### Problem description
Show every line of the material that follows in which the word "thus" occurs.

### Data supplied
━━━━━━━━━━━━━━━━

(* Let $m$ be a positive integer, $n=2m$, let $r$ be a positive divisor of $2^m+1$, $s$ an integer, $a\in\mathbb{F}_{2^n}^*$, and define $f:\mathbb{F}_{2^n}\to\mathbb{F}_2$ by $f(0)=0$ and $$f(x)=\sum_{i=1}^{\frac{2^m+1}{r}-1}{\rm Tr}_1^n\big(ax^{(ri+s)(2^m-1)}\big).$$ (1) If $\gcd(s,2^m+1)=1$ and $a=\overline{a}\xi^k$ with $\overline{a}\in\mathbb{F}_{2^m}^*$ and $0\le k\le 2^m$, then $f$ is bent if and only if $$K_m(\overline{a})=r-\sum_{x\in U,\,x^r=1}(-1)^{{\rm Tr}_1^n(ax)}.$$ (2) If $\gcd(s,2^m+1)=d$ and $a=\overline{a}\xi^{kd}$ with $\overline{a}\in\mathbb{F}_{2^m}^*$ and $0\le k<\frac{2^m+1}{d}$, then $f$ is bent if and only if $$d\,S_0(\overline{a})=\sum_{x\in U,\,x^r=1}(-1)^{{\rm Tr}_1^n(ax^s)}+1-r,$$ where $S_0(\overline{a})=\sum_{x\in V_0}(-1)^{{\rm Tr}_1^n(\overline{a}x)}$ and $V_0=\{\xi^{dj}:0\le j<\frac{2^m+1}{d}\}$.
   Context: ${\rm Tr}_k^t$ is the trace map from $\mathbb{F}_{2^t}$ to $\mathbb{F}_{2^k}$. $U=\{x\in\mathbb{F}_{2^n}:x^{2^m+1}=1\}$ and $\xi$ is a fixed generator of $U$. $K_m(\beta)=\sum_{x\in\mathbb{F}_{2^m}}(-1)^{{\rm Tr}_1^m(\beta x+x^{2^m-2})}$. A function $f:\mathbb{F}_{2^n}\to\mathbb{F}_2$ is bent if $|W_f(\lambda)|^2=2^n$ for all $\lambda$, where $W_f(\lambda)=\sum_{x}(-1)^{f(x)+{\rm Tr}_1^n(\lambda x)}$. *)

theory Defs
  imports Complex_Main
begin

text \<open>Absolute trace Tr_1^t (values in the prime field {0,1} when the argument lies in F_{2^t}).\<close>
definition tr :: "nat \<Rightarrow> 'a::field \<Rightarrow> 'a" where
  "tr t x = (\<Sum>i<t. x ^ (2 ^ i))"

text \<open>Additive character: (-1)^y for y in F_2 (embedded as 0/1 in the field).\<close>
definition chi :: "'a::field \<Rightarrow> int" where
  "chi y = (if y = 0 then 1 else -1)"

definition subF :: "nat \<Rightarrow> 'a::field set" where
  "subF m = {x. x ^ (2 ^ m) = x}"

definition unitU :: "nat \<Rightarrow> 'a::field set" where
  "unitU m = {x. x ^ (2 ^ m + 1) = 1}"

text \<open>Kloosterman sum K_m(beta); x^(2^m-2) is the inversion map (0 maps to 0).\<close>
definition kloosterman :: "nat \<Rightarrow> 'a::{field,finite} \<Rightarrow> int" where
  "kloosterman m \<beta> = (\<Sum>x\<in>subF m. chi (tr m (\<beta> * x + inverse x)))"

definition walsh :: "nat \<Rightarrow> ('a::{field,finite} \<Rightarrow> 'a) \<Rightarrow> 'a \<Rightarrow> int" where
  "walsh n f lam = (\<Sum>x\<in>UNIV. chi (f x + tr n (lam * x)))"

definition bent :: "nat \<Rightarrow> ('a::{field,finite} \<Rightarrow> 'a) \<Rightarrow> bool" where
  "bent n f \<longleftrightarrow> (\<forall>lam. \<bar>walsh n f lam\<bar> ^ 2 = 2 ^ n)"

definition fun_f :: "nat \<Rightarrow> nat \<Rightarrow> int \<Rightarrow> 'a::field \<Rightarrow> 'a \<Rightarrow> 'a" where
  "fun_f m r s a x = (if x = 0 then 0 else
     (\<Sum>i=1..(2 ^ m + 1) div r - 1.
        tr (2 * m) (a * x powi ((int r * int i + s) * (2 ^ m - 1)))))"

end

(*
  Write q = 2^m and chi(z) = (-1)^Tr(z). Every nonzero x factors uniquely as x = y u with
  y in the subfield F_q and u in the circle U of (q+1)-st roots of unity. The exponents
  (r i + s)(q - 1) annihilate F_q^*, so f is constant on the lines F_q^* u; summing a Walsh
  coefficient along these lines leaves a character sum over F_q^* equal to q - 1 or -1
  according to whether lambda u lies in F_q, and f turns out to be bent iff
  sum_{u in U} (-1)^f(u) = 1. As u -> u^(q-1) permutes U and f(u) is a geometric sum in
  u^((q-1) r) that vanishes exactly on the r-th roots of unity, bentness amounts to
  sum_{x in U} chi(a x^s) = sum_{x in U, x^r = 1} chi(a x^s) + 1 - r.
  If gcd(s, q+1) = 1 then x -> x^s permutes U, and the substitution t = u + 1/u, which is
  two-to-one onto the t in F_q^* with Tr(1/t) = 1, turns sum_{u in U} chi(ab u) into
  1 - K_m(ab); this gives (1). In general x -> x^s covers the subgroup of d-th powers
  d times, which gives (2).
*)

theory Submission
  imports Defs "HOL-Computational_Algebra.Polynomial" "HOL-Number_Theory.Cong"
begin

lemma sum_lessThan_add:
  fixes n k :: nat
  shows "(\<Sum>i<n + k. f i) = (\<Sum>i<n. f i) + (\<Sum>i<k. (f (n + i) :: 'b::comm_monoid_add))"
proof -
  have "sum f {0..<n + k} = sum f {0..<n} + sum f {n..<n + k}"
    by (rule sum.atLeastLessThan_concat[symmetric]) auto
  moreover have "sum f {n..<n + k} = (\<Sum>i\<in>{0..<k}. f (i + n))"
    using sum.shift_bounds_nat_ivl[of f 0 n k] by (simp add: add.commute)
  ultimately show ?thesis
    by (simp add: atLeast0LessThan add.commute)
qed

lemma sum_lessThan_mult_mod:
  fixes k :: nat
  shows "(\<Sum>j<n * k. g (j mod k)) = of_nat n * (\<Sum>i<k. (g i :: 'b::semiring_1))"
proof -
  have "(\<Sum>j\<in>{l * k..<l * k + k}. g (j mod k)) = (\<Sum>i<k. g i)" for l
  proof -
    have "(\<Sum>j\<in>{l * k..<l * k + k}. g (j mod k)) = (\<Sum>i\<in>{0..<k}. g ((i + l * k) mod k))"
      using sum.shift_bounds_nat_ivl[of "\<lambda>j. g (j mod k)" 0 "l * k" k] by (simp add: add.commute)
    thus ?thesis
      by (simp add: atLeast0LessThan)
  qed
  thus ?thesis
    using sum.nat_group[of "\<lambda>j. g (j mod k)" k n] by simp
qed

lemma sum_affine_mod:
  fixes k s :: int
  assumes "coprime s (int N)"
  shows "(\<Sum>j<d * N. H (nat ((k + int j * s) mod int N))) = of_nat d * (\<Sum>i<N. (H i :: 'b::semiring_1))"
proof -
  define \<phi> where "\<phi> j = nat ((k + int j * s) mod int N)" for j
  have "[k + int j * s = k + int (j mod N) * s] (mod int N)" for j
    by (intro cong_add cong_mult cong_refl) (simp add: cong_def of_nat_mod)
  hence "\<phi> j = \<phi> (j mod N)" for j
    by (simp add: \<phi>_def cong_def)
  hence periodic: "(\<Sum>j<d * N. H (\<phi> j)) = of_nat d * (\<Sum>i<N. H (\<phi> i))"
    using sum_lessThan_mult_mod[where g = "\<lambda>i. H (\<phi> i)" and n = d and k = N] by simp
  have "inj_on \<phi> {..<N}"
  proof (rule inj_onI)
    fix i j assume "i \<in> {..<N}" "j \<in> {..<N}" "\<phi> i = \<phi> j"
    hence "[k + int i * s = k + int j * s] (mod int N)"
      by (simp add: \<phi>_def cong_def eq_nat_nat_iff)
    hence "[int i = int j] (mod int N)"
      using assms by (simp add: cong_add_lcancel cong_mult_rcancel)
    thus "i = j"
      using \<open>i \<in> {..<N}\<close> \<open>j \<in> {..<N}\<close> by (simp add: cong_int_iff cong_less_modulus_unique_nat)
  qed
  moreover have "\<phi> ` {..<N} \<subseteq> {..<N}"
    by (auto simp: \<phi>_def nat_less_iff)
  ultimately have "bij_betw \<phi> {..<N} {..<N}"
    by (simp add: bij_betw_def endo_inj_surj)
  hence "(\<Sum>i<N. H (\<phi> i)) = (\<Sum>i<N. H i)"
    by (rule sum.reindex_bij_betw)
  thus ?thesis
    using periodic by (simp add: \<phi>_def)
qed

━━━━━━━━━━━━━━━━

### Answer to this task
    thus ?thesis
  thus ?thesis
    thus "i = j"
  thus ?thesis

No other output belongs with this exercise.